Given records START

lemma quasilocal_on_unit_if_add_eq_one:
  fixes x y :: "'a::comm_ring_1"
  assumes "quasilocal_on (UNIV :: 'a set)" and "x + y = 1"
  shows "(\<exists>w. x * w = 1) \<or> (\<exists>w. y * w = 1)"
proof -
  have "ideal_in UNIV (nonunits_in (UNIV :: 'a set))"
    using assms(1) quasilocal_on_iff_nonunits_ideal[OF subsemiring_in_UNIV] by blast
  moreover have "1 \<notin> nonunits_in (UNIV :: 'a set)" by (auto simp: nonunits_in_def)
  ultimately have "x \<notin> nonunits_in UNIV \<or> y \<notin> nonunits_in UNIV"
    using assms(2) unfolding ideal_in_def by force
  then show ?thesis by (auto simp: nonunits_in_def)
qed

lemma quasilocal_dvd_total_if_principal_pair:
  fixes a b :: "'a::idom"
  assumes q: "quasilocal_on (UNIV :: 'a set)" and "a \<noteq> 0"
    and g: "ideal_gen_in UNIV {a, b} = {r * g | r. r \<in> UNIV}"
  shows "a dvd b \<or> b dvd a"
proof -
  have "1 * a \<in> ideal_gen_in UNIV {a, b}" "1 * b \<in> ideal_gen_in UNIV {a, b}"
    by (rule ideal_gen_in_mult_mem; simp)+
  then obtain r s where r: "a = r * g" and s: "b = s * g"
    unfolding g by auto
  have "g = 1 * g" by simp
  then have "g \<in> ideal_gen_in UNIV {a, b}" unfolding g by blast
  then obtain u v where uv: "g = u * a + v * b"
    using ideal_gen_in_pair_subset by blast
  have "g \<noteq> 0" using r \<open>a \<noteq> 0\<close> by auto
  moreover have "(u * r + v * s) * g = 1 * g" using uv r s by (simp add: algebra_simps)
  ultimately have "u * r + v * s = 1" by (simp only: mult_cancel_right) simp
  then consider w where "u * r * w = 1" | w where "v * s * w = 1"
    using quasilocal_on_unit_if_add_eq_one[OF q] by blast
  then show ?thesis
  proof cases
    case (1 w)
    have "b = s * g * (u * r * w)" using 1 s by simp
    also have "\<dots> = (s * u * w) * a" using r by (simp add: ac_simps)
    finally show ?thesis by auto
  next
    case (2 w)
    have "a = r * g * (v * s * w)" using 2 r by simp
    also have "\<dots> = (r * v * w) * b" using s by (simp add: ac_simps)
    finally show ?thesis by auto
  qed
qed

lemma API_quasilocal_dvd_powers:
  fixes a b :: "'a::idom"
  assumes api: "API_on (UNIV :: 'a set)" and q: "quasilocal_on (UNIV :: 'a set)"
  shows "\<exists>n\<ge>1. a ^ n dvd b ^ n \<or> b ^ n dvd a ^ n"
proof (cases "a = 0 \<or> b = 0")
  case True
  then have "a ^ 1 dvd b ^ 1 \<or> b ^ 1 dvd a ^ 1" by auto
  then show ?thesis by blast
next
  case False
  then have "{a, b} \<noteq> {}" "{a, b} \<subseteq> UNIV - {0}" by auto
  then obtain n where n: "n \<ge> 1"
    and "principal_in UNIV (ideal_gen_in UNIV ((\<lambda>d. d ^ n) ` {a, b}))"
    using api[unfolded API_on_def, rule_format, of "{a, b}"] by blast
  then obtain g where "ideal_gen_in UNIV {a ^ n, b ^ n} = {r * g | r. r \<in> UNIV}"
    unfolding principal_in_def by auto
  then have "a ^ n dvd b ^ n \<or> b ^ n dvd a ^ n"
    using False by (intro quasilocal_dvd_total_if_principal_pair[OF q]) auto
  then show ?thesis using n by blast
qed

lemma dvd_add_power_double:
  fixes a x y :: "'a::comm_semiring_1"
  assumes "a dvd x ^ n" "a dvd y ^ n"
  shows "a dvd (x + y) ^ (2 * n)"
proof -
  have "a dvd of_nat (2 * n choose k) * x ^ k * y ^ (2 * n - k)" for k
  proof (cases "k \<ge> n")
    case True
    then have "x ^ k = x ^ n * x ^ (k - n)" by (simp flip: power_add)
    then show ?thesis using assms(1) by (simp add: mult.left_commute)
  next
    case False
    then have "2 * n - k = n + (n - k)" by simp
    then have "y ^ (2 * n - k) = y ^ n * y ^ (n - k)" by (simp add: power_add)
    then show ?thesis using assms(2) by simp
  qed
  then show ?thesis unfolding binomial_ring by (intro dvd_sum)
qed
lemma path_shift_in_bounded_deficit_iff:
  "path_shift x \<in> bounded_deficit P \<longleftrightarrow> x \<in> bounded_deficit P"
proof
  assume "path_shift x \<in> bounded_deficit P"
  then obtain C where C: "\<And>n. max_deficit P n (path_shift x) \<le> C"
    by (auto simp: bounded_deficit_def bdd_above_def)
  have "max_deficit P n x \<le> max 0 (P - x 0 + C)" for n
  proof (cases n)
    case (Suc m)
    then show ?thesis
      using C[of m] by (simp del: max_deficit.simps(2) add: max_deficit_Suc_shift max.coboundedI2)
  qed simp
  then show "x \<in> bounded_deficit P"
    by (auto simp: bounded_deficit_def bdd_above_def)
next
  assume "x \<in> bounded_deficit P"
  then obtain C where C: "\<And>n. max_deficit P n x \<le> C"
    by (auto simp: bounded_deficit_def bdd_above_def)
  have "max_deficit P n (path_shift x) \<le> C - (P - x 0)" for n
    using C[of "Suc n"] by (simp del: max_deficit.simps(2) add: max_deficit_Suc_shift)
  then show "path_shift x \<in> bounded_deficit P"
    by (auto simp: bounded_deficit_def bdd_above_def)
qed

text \<open>The supremum of the deficit walk, set to \<open>0\<close> off \<open>bounded_deficit P\<close> so that it is a
  measurable real-valued function.\<close>
definition sup_deficit :: "real \<Rightarrow> (nat \<Rightarrow> real) \<Rightarrow> real" where
  "sup_deficit P x = (SUP n. if x \<in> bounded_deficit P then max_deficit P n x else 0)"

lemma bdd_above_max_deficit_if:
  "bdd_above (range (\<lambda>n. if x \<in> bounded_deficit P then max_deficit P n x else 0))"
  by (cases "x \<in> bounded_deficit P") (auto simp: bounded_deficit_def)

lemma sup_deficit_measurable [measurable]: "sup_deficit P \<in> borel_measurable path_space"
  unfolding sup_deficit_def by (rule borel_measurable_cSUP[OF _ _ bdd_above_max_deficit_if]) auto

lemma sup_deficit_nonneg: "0 \<le> sup_deficit P x"
  using cSUP_upper[OF _ bdd_above_max_deficit_if, of 0 x P]
  by (auto simp: sup_deficit_def split: if_splits)

lemma max_deficit_tendsto_sup:
  assumes "x \<in> bounded_deficit P"
  shows "(\<lambda>n. max_deficit P n x) \<longlonglongrightarrow> sup_deficit P x"
  using LIMSEQ_incseq_SUP[OF bdd_above_max_deficit_if, of x P] assms incseq_max_deficit
  by (simp add: sup_deficit_def)

lemma sup_deficit_shift:
  assumes "x \<in> bounded_deficit P"
  shows "sup_deficit P x = max 0 (P - x 0 + sup_deficit P (path_shift x))"
proof (rule LIMSEQ_unique)
  show "(\<lambda>n. max_deficit P (Suc n) x) \<longlonglongrightarrow> sup_deficit P x"
    using max_deficit_tendsto_sup[OF assms] by (rule LIMSEQ_Suc)
  show "(\<lambda>n. max_deficit P (Suc n) x) \<longlonglongrightarrow> max 0 (P - x 0 + sup_deficit P (path_shift x))"
    unfolding max_deficit_Suc_shift using assms
    by (intro tendsto_intros max_deficit_tendsto_sup) (simp add: path_shift_in_bounded_deficit_iff)
qed

locale stationary_law = prob_space Q for Q :: "(nat \<Rightarrow> real) measure" +
  fixes lam :: real
  assumes sets_eq [measurable_cong]: "sets Q = sets path_space"
    and distr_shift: "distr Q path_space path_shift = Q"
    and integrable_coord0: "integrable Q (\<lambda>x. x 0)"
    and integral_coord0: "(\<integral>x. x 0 \<partial>Q) = lam"
begin
lemma SUP_hockey_swap_shuffle_eq_BRR:
  assumes H: "valid_H 2 (HH 2)" and \<epsilon>0: "0 \<le> \<epsilon>0" and n: "1 \<le> n"
  shows "(SUP (d, \<rho>, i, j) \<in> admissible HH \<epsilon>0.
            ereal (hockey \<alpha> (Qzero (Wrho d (HH d) \<rho>) i n) (Qone (Wrho d (HH d) \<rho>) i j n)))
         = ereal (hockey \<alpha> (Qzero (BRR \<epsilon>0) 0 n) (Qone (BRR \<epsilon>0) 0 1 n))"
proof -
  let ?f = "\<lambda>t. max 0 (1 - \<alpha> * t)"
  have "convex_on {0..} ?f"
    using convex_on_max0_affine[of "{0..}" "- \<alpha>" 1] by simp
  note SUP_fdiv = SUP_fdiv_shuffle_eq_BRR[where HH = HH, OF H \<epsilon>0 n this]
  have swap: "hockey \<alpha> (Qzero (Wrho d (HH d) \<rho>) i n) (Qone (Wrho d (HH d) \<rho>) i j n)
      = fdiv ?f (Qone (Wrho d (HH d) \<rho>) i j n) (Qzero (Wrho d (HH d) \<rho>) i n)"
    if "(d, \<rho>, i, j) \<in> admissible HH \<epsilon>0" for d \<rho> i j
    using admissible_bounded_likelihood_ratio[OF that \<epsilon>0]
    by (metis bounded_likelihood_ratio.hockey_shuffle_swap n)
  have BRR_swap: "hockey \<alpha> (Qzero (BRR \<epsilon>0) 0 n) (Qone (BRR \<epsilon>0) 0 1 n)
      = fdiv ?f (Qone (BRR \<epsilon>0) 0 1 n) (Qzero (BRR \<epsilon>0) 0 n)"
    by (rule bounded_likelihood_ratio.hockey_shuffle_swap[OF bounded_likelihood_ratio_BRR[OF \<epsilon>0],
          where W = "BRR \<epsilon>0" and i = 0 and j = 1, OF refl refl n])
  have "(SUP (d, \<rho>, i, j) \<in> admissible HH \<epsilon>0.
            ereal (hockey \<alpha> (Qzero (Wrho d (HH d) \<rho>) i n) (Qone (Wrho d (HH d) \<rho>) i j n)))
      = (SUP (d, \<rho>, i, j) \<in> admissible HH \<epsilon>0.
            ereal (fdiv ?f (Qone (Wrho d (HH d) \<rho>) i j n) (Qzero (Wrho d (HH d) \<rho>) i n)))"
    by (intro SUP_cong refl) (auto simp: swap)
  then show ?thesis
    unfolding BRR_swap SUP_fdiv .
qed

theorem theorem4p8:
  fixes HH :: "nat \<Rightarrow> nat \<Rightarrow> nat \<Rightarrow> real" and \<epsilon>0 :: real and n :: nat
  assumes "\<And>d. 2 \<le> d \<Longrightarrow> valid_H d (HH d)"
    and "\<epsilon>0 \<ge> 0" and "n \<ge> 1"
  shows "(\<forall>f :: real \<Rightarrow> real. convex_on {0..} f \<and> f 1 = 0 \<longrightarrow>
            (SUP (d, \<rho>, i, j) \<in> admissible HH \<epsilon>0.
               ereal (fdiv f (Qone (Wrho d (HH d) \<rho>) i j n) (Qzero (Wrho d (HH d) \<rho>) i n)))
            = ereal (fdiv f (Qone (BRR \<epsilon>0) 0 1 n) (Qzero (BRR \<epsilon>0) 0 n)))
       \<and> (\<forall>\<alpha> :: real. \<alpha> \<ge> 1 \<longrightarrow>
            (SUP (d, \<rho>, i, j) \<in> admissible HH \<epsilon>0.
               ereal (hockey \<alpha> (Qone (Wrho d (HH d) \<rho>) i j n) (Qzero (Wrho d (HH d) \<rho>) i n)))
            = ereal (hockey \<alpha> (Qone (BRR \<epsilon>0) 0 1 n) (Qzero (BRR \<epsilon>0) 0 n))
          \<and> (SUP (d, \<rho>, i, j) \<in> admissible HH \<epsilon>0.
               ereal (hockey \<alpha> (Qzero (Wrho d (HH d) \<rho>) i n) (Qone (Wrho d (HH d) \<rho>) i j n)))
            = ereal (hockey \<alpha> (Qzero (BRR \<epsilon>0) 0 n) (Qone (BRR \<epsilon>0) 0 1 n)))"
proof -
  have H: "valid_H 2 (HH 2)"
    using assms(1) by simp
  have hinge: "convex_on {0..} (\<lambda>t. max 0 (t - \<alpha>))" for \<alpha> :: real
    using convex_on_max0_affine[of "{0..}" 1 "- \<alpha>"] by simp
  show ?thesis
    using SUP_fdiv_shuffle_eq_BRR[where HH = HH, OF H assms(2,3)]
      SUP_fdiv_shuffle_eq_BRR[where HH = HH, OF H assms(2,3) hinge]
      SUP_hockey_swap_shuffle_eq_BRR[where HH = HH, OF H assms(2,3)]
    by (simp add: hockey_eq_fdiv)
qed

end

Given records END

Return nothing but the lines from the top of the records above through the line that has "then consider w". Keep each one exact.

• [Final answer]
lemma quasilocal_on_unit_if_add_eq_one:
  fixes x y :: "'a::comm_ring_1"
  assumes "quasilocal_on (UNIV :: 'a set)" and "x + y = 1"
  shows "(\<exists>w. x * w = 1) \<or> (\<exists>w. y * w = 1)"
proof -
  have "ideal_in UNIV (nonunits_in (UNIV :: 'a set))"
    using assms(1) quasilocal_on_iff_nonunits_ideal[OF subsemiring_in_UNIV] by blast
  moreover have "1 \<notin> nonunits_in (UNIV :: 'a set)" by (auto simp: nonunits_in_def)
  ultimately have "x \<notin> nonunits_in UNIV \<or> y \<notin> nonunits_in UNIV"
    using assms(2) unfolding ideal_in_def by force
  then show ?thesis by (auto simp: nonunits_in_def)
qed

lemma quasilocal_dvd_total_if_principal_pair:
  fixes a b :: "'a::idom"
  assumes q: "quasilocal_on (UNIV :: 'a set)" and "a \<noteq> 0"
    and g: "ideal_gen_in UNIV {a, b} = {r * g | r. r \<in> UNIV}"
  shows "a dvd b \<or> b dvd a"
proof -
  have "1 * a \<in> ideal_gen_in UNIV {a, b}" "1 * b \<in> ideal_gen_in UNIV {a, b}"
    by (rule ideal_gen_in_mult_mem; simp)+
  then obtain r s where r: "a = r * g" and s: "b = s * g"
    unfolding g by auto
  have "g = 1 * g" by simp
  then have "g \<in> ideal_gen_in UNIV {a, b}" unfolding g by blast
  then obtain u v where uv: "g = u * a + v * b"
    using ideal_gen_in_pair_subset by blast
  have "g \<noteq> 0" using r \<open>a \<noteq> 0\<close> by auto
  moreover have "(u * r + v * s) * g = 1 * g" using uv r s by (simp add: algebra_simps)
  ultimately have "u * r + v * s = 1" by (simp only: mult_cancel_right) simp
  then consider w where "u * r * w = 1" | w where "v * s * w = 1"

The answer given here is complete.